§ **What is required**
Repeat word for word every line of the data below, from the first through the line containing "unfolding of_nat_mult power_mult_distrib", and stop there.
[Source records]
lemma binomial_mult_power_half_le:
  fixes n m d t :: nat
  assumes "2 \<le> d" "even (t * d)"
    and "144 * real n ^ 2 * real t ^ (d - 2) * real d ^ d \<le> real m ^ d"
  shows "real (n choose t) * real (t * d) ^ (t * d div 2) * 4 ^ t \<le> real m ^ (t * d div 2)"
proof (rule power2_le_imp_le)
  define C where "C = real (n choose t)"
  define q where "q = t * d div 2"
  have q: "t * d = 2 * q" using assms(2) by (simp add: q_def)
  have split_t: "real t ^ (t * d) = (real t ^ t) ^ 2 * (real t ^ (d - 2)) ^ t"
  proof -
    have "t * d = t * 2 + (d - 2) * t" using assms(1) by (simp add: algebra_simps)
    then show ?thesis by (metis power_add power_mult)
  qed
  have split_d: "real d ^ (t * d) = (real d ^ d) ^ t"
    by (simp add: power_mult[symmetric] mult.commute)
  have sq_pow: "(x ^ t) ^ 2 = (x ^ 2) ^ t" for x :: real
    by (simp flip: power_mult add: mult.commute)
  have "(real (t * d) ^ q) ^ 2 = real (t * d) ^ (q * 2)" by (rule power_mult[symmetric])
  also have "q * 2 = t * d" using q by simp
  finally have "(real (t * d) ^ q) ^ 2 = real (t * d) ^ (t * d)" .
  moreover have "((4::real) ^ t) ^ 2 = 16 ^ t" using sq_pow[of 4] by simp
  ultimately have "(C * real (t * d) ^ q * 4 ^ t) ^ 2 = C ^ 2 * real (t * d) ^ (t * d) * 16 ^ t"
    by (simp only: power_mult_distrib)
  also have "\<dots> = (C * real t ^ t) ^ 2 * (16 * real t ^ (d - 2) * real d ^ d) ^ t"
    unfolding of_nat_mult power_mult_distrib split_t split_d by (simp add: algebra_simps)
  also have "\<dots> \<le> ((3 * real n) ^ t) ^ 2 * (16 * real t ^ (d - 2) * real d ^ d) ^ t"
    using binomial_mult_power_le[of n t] by (intro mult_right_mono power_mono) (auto simp: C_def)
  also have "\<dots> = ((3 * real n) ^ 2 * (16 * real t ^ (d - 2) * real d ^ d)) ^ t"
    by (simp only: sq_pow power_mult_distrib)
  also have "\<dots> = (144 * real n ^ 2 * real t ^ (d - 2) * real d ^ d) ^ t"
    by (simp add: power_mult_distrib[of 3 "real n" 2] mult.assoc)
  also have "\<dots> \<le> (real m ^ d) ^ t"
    using assms(3) by (intro power_mono) auto
  also have "\<dots> = (real m ^ q) ^ 2"
    using q by (simp flip: power_mult add: mult.commute)
  finally show "(real (n choose t) * real (t * d) ^ (t * d div 2) * 4 ^ t) ^ 2 \<le> (real m ^ (t * d div 2)) ^ 2"
    by (simp add: C_def q_def)
qed simp

lemma three_fifths_power_le:
  assumes "0 < x" "5 * ln x \<le> real K"
  shows "(3 / 5) ^ K \<le> 1 / x ^ 2"
proof -
  have "ln (3 / 5 :: real) \<le> - 2 / 5"
    using ln_le_minus_one[of "3 / 5 :: real"] by simp
  then have "real K * ln (3 / 5) \<le> real K * (- 2 / 5)"
    by (intro mult_left_mono) auto
  then have "real K * ln (3 / 5) \<le> - 2 * ln x"
    using assms(2) by linarith
  then have "exp (real K * ln (3 / 5)) \<le> exp (- 2 * ln x)" by simp
  moreover have "exp (- 2 * ln x) = 1 / x ^ 2"
    using assms(1) by (simp add: exp_minus exp_of_nat_mult[of 2, simplified] inverse_eq_divide)
  ultimately show ?thesis by (simp add: exp_of_nat_mult)
qed

lemma heavy_rows_bound:
  fixes L K m :: nat
  assumes m: "3 \<le> m" and K: "5 * real L / real m \<le> real K" "1 \<le> K"
    and L: "real m * ln (real m) \<le> real L"
  shows "real m * real ((L choose K) * m ^ (L - K)) \<le> real m ^ L / 3"
proof (cases "K \<le> L")
  case False
  then show ?thesis by (simp add: binomial_eq_0)
next
  case True
  have "5 * ln (real m) \<le> 5 * real L / real m"
    using L m by (simp add: field_simps)
  then have lnK: "5 * ln (real m) \<le> real K" using K(1) by linarith
  have "real (L choose K) \<le> (3 * real L / real K) ^ K"
    using K(2) by (intro binomial_le_power_div) auto
  also have "\<dots> \<le> (3 / 5 * real m) ^ K"
    using K m by (intro power_mono) (auto simp: field_simps)
  also have "\<dots> = (3 / 5) ^ K * real m ^ K" by (rule power_mult_distrib)
  also have "\<dots> \<le> 1 / real m ^ 2 * real m ^ K"
    using m lnK by (intro mult_right_mono three_fifths_power_le) auto
  finally have binom: "real (L choose K) \<le> 1 / real m ^ 2 * real m ^ K" .
  have "real m * real ((L choose K) * m ^ (L - K)) = real m * real (L choose K) * real m ^ (L - K)"
    by simp
  also have "\<dots> \<le> real m * (1 / real m ^ 2 * real m ^ K) * real m ^ (L - K)"
    using binom by (intro mult_right_mono mult_left_mono) auto
  also have "\<dots> = real m ^ L / real m"
    using m True by (simp add: power2_eq_square field_simps flip: power_add)
  also have "\<dots> \<le> real m ^ L / 3" using m by (intro divide_left_mono) auto
  finally show ?thesis .
qed

lemma sum_div_four_powers: "(\<Sum>t = 1..s. (x::real) / 4 ^ t) = x / 3 * (1 - 1 / 4 ^ s)"
proof (induction s)
  case (Suc s)
  have "(\<Sum>t = 1..Suc s. x / 4 ^ t) = (\<Sum>t = 1..s. x / 4 ^ t) + x / 4 ^ Suc s" by simp
  also have "\<dots> = x / 3 * (1 - 1 / 4 ^ Suc s)" unfolding Suc.IH by (simp add: field_simps)
  finally show ?case .
qed simp

lemma card_even_fibres_on_block_le:
  assumes "T \<subseteq> {..<n}"
  shows "card {r \<in> ({..<n} \<times> {..<d}) \<rightarrow>\<^sub>E {..<m}. even_fibres r (T \<times> {..<d})}
    \<le> (card T * d * m) ^ (card T * d div 2) * m ^ (n * d - card T * d)"
proof -
  have "T \<times> {..<d} \<subseteq> {..<n} \<times> {..<d}" and fin: "finite T"
    using assms by (auto intro: finite_subset)
  then have "card {r \<in> ({..<n} \<times> {..<d}) \<rightarrow>\<^sub>E {..<m}. even_fibres r (T \<times> {..<d})}
      \<le> card (even_fibre_maps m (T \<times> {..<d})) * m ^ (n * d - card T * d)"
    using card_PiE_even_fibres_le[of "{..<n} \<times> {..<d}" "T \<times> {..<d}" m]
    by (simp add: card_cartesian_product)
  also have "\<dots> \<le> (card T * d * m) ^ (card T * d div 2) * m ^ (n * d - card T * d)"
    using card_even_fibre_maps_le[of "T \<times> {..<d}" m] fin
    by (intro mult_le_mono1) (simp add: card_cartesian_product)
  finally show ?thesis .
qed

lemma dependency_count_le_four_power:
  fixes n m d t :: nat
  assumes "2 \<le> d" "even (t * d)" "t \<le> n"
    and "144 * real n ^ 2 * real t ^ (d - 2) * real d ^ d \<le> real m ^ d"
  shows "real ((n choose t) * ((t * d * m) ^ (t * d div 2) * m ^ (n * d - t * d)))
    \<le> real m ^ (n * d) / 4 ^ t"
proof -
  define q where "q = t * d div 2"
  have "q + q + (n * d - t * d) = n * d"
    using assms(2,3) mult_le_mono1[of t n d] by (auto simp: q_def)
  then have md: "real m ^ (n * d) = real m ^ q * real m ^ q * real m ^ (n * d - t * d)"
    by (metis power_add)
  have "real ((n choose t) * ((t * d * m) ^ q * m ^ (n * d - t * d))) * 4 ^ t
      = real (n choose t) * real (t * d) ^ q * 4 ^ t * real m ^ q * real m ^ (n * d - t * d)"
    by (simp add: power_mult_distrib)
  also have "\<dots> \<le> real m ^ q * real m ^ q * real m ^ (n * d - t * d)"
    using binomial_mult_power_half_le[OF assms(1,2,4)]
    by (intro mult_right_mono) (auto simp: q_def)
  finally show ?thesis by (simp add: md q_def pos_le_divide_eq)
qed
[/Source records]
§ **Response area**
lemma binomial_mult_power_half_le:
  fixes n m d t :: nat
  assumes "2 \<le> d" "even (t * d)"
    and "144 * real n ^ 2 * real t ^ (d - 2) * real d ^ d \<le> real m ^ d"
  shows "real (n choose t) * real (t * d) ^ (t * d div 2) * 4 ^ t \<le> real m ^ (t * d div 2)"
proof (rule power2_le_imp_le)
  define C where "C = real (n choose t)"
  define q where "q = t * d div 2"
  have q: "t * d = 2 * q" using assms(2) by (simp add: q_def)
  have split_t: "real t ^ (t * d) = (real t ^ t) ^ 2 * (real t ^ (d - 2)) ^ t"
  proof -
    have "t * d = t * 2 + (d - 2) * t" using assms(1) by (simp add: algebra_simps)
    then show ?thesis by (metis power_add power_mult)
  qed
  have split_d: "real d ^ (t * d) = (real d ^ d) ^ t"
    by (simp add: power_mult[symmetric] mult.commute)
  have sq_pow: "(x ^ t) ^ 2 = (x ^ 2) ^ t" for x :: real
    by (simp flip: power_mult add: mult.commute)
  have "(real (t * d) ^ q) ^ 2 = real (t * d) ^ (q * 2)" by (rule power_mult[symmetric])
  also have "q * 2 = t * d" using q by simp
  finally have "(real (t * d) ^ q) ^ 2 = real (t * d) ^ (t * d)" .
  moreover have "((4::real) ^ t) ^ 2 = 16 ^ t" using sq_pow[of 4] by simp
  ultimately have "(C * real (t * d) ^ q * 4 ^ t) ^ 2 = C ^ 2 * real (t * d) ^ (t * d) * 16 ^ t"
    by (simp only: power_mult_distrib)
  also have "\<dots> = (C * real t ^ t) ^ 2 * (16 * real t ^ (d - 2) * real d ^ d) ^ t"
    unfolding of_nat_mult power_mult_distrib split_t split_d by (simp add: algebra_simps)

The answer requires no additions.